** Opening AVAILABLE RECORDS block **

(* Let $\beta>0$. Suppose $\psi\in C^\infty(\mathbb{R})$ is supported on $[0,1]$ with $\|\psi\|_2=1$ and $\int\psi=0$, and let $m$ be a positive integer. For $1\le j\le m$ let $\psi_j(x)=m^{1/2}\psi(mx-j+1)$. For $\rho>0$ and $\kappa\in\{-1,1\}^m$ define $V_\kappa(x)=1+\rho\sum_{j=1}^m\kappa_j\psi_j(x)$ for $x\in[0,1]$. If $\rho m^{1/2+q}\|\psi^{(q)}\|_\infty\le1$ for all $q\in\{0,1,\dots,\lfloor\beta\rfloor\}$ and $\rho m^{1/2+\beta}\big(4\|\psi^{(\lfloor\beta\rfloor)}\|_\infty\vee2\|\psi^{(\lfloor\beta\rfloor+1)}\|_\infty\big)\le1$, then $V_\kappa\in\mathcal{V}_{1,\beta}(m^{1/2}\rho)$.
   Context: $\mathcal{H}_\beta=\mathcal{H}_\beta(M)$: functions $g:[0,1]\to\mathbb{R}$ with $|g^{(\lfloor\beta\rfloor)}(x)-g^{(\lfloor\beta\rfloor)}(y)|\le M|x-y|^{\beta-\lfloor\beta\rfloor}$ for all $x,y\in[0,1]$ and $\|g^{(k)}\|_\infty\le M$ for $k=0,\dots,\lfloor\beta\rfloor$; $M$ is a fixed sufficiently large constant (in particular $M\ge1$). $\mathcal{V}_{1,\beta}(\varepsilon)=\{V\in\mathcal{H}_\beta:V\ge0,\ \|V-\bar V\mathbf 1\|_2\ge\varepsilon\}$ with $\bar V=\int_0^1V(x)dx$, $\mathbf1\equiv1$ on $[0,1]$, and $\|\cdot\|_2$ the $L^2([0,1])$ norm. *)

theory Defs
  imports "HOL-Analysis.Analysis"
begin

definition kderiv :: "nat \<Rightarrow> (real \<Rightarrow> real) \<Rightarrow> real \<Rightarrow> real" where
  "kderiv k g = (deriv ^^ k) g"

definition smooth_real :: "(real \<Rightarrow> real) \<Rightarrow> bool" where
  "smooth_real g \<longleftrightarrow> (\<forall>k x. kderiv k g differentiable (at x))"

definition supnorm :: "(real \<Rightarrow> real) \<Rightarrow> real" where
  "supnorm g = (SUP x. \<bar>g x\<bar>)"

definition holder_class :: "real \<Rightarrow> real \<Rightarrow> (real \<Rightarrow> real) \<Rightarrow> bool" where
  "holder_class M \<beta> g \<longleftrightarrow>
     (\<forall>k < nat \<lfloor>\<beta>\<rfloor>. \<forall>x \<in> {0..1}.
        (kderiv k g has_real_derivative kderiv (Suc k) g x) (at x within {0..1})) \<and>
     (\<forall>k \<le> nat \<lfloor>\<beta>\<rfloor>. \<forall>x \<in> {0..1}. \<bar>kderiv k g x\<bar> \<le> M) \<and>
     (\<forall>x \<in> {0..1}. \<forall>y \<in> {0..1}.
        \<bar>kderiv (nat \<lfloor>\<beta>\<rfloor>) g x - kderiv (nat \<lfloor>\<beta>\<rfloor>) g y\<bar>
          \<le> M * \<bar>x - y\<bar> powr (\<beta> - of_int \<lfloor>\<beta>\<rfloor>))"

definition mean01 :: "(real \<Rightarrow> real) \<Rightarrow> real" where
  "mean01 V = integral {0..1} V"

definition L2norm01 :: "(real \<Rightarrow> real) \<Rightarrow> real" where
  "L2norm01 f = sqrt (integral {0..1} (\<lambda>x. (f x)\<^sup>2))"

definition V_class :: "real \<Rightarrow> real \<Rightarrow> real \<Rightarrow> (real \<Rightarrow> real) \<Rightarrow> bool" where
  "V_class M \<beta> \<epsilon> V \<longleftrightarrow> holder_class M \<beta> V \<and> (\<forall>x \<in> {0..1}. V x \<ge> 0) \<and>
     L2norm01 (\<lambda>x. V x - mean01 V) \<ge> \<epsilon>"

** Closing AVAILABLE RECORDS block **
** Opening AVAILABLE RECORDS block **

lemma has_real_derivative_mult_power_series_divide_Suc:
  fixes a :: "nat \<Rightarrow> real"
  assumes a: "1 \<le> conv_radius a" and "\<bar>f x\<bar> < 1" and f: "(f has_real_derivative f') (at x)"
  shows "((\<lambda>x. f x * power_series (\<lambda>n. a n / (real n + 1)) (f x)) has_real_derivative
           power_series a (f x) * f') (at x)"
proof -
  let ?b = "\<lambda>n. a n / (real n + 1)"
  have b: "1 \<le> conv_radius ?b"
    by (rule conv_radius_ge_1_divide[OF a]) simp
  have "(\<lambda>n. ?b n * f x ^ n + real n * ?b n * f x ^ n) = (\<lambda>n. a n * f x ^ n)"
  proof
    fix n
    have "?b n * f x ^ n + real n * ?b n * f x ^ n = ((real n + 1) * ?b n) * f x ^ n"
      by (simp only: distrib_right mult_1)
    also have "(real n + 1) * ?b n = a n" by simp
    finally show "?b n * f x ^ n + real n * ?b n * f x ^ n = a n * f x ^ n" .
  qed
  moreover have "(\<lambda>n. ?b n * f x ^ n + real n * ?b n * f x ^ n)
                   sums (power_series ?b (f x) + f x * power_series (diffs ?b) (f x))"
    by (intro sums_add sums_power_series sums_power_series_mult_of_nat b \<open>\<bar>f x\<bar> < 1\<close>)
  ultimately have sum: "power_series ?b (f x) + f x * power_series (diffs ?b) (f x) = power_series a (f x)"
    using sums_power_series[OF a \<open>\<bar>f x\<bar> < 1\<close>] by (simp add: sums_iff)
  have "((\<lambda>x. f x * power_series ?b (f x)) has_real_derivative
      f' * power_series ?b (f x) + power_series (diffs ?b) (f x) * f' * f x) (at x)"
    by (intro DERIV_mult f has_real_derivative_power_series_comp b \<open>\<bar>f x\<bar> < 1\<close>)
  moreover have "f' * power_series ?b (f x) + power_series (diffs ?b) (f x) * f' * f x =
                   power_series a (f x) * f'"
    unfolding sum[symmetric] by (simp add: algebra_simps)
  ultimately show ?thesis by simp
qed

** Closing AVAILABLE RECORDS block **

## ABOUT THIS TASK
What lines in the entries above hold "ultimately"? Copy every one.

## WRITTEN RESPONSE
  ultimately have sum: "power_series ?b (f x) + f x * power_series (diffs ?b) (f x) = power_series a (f x)"
  ultimately show ?thesis by simp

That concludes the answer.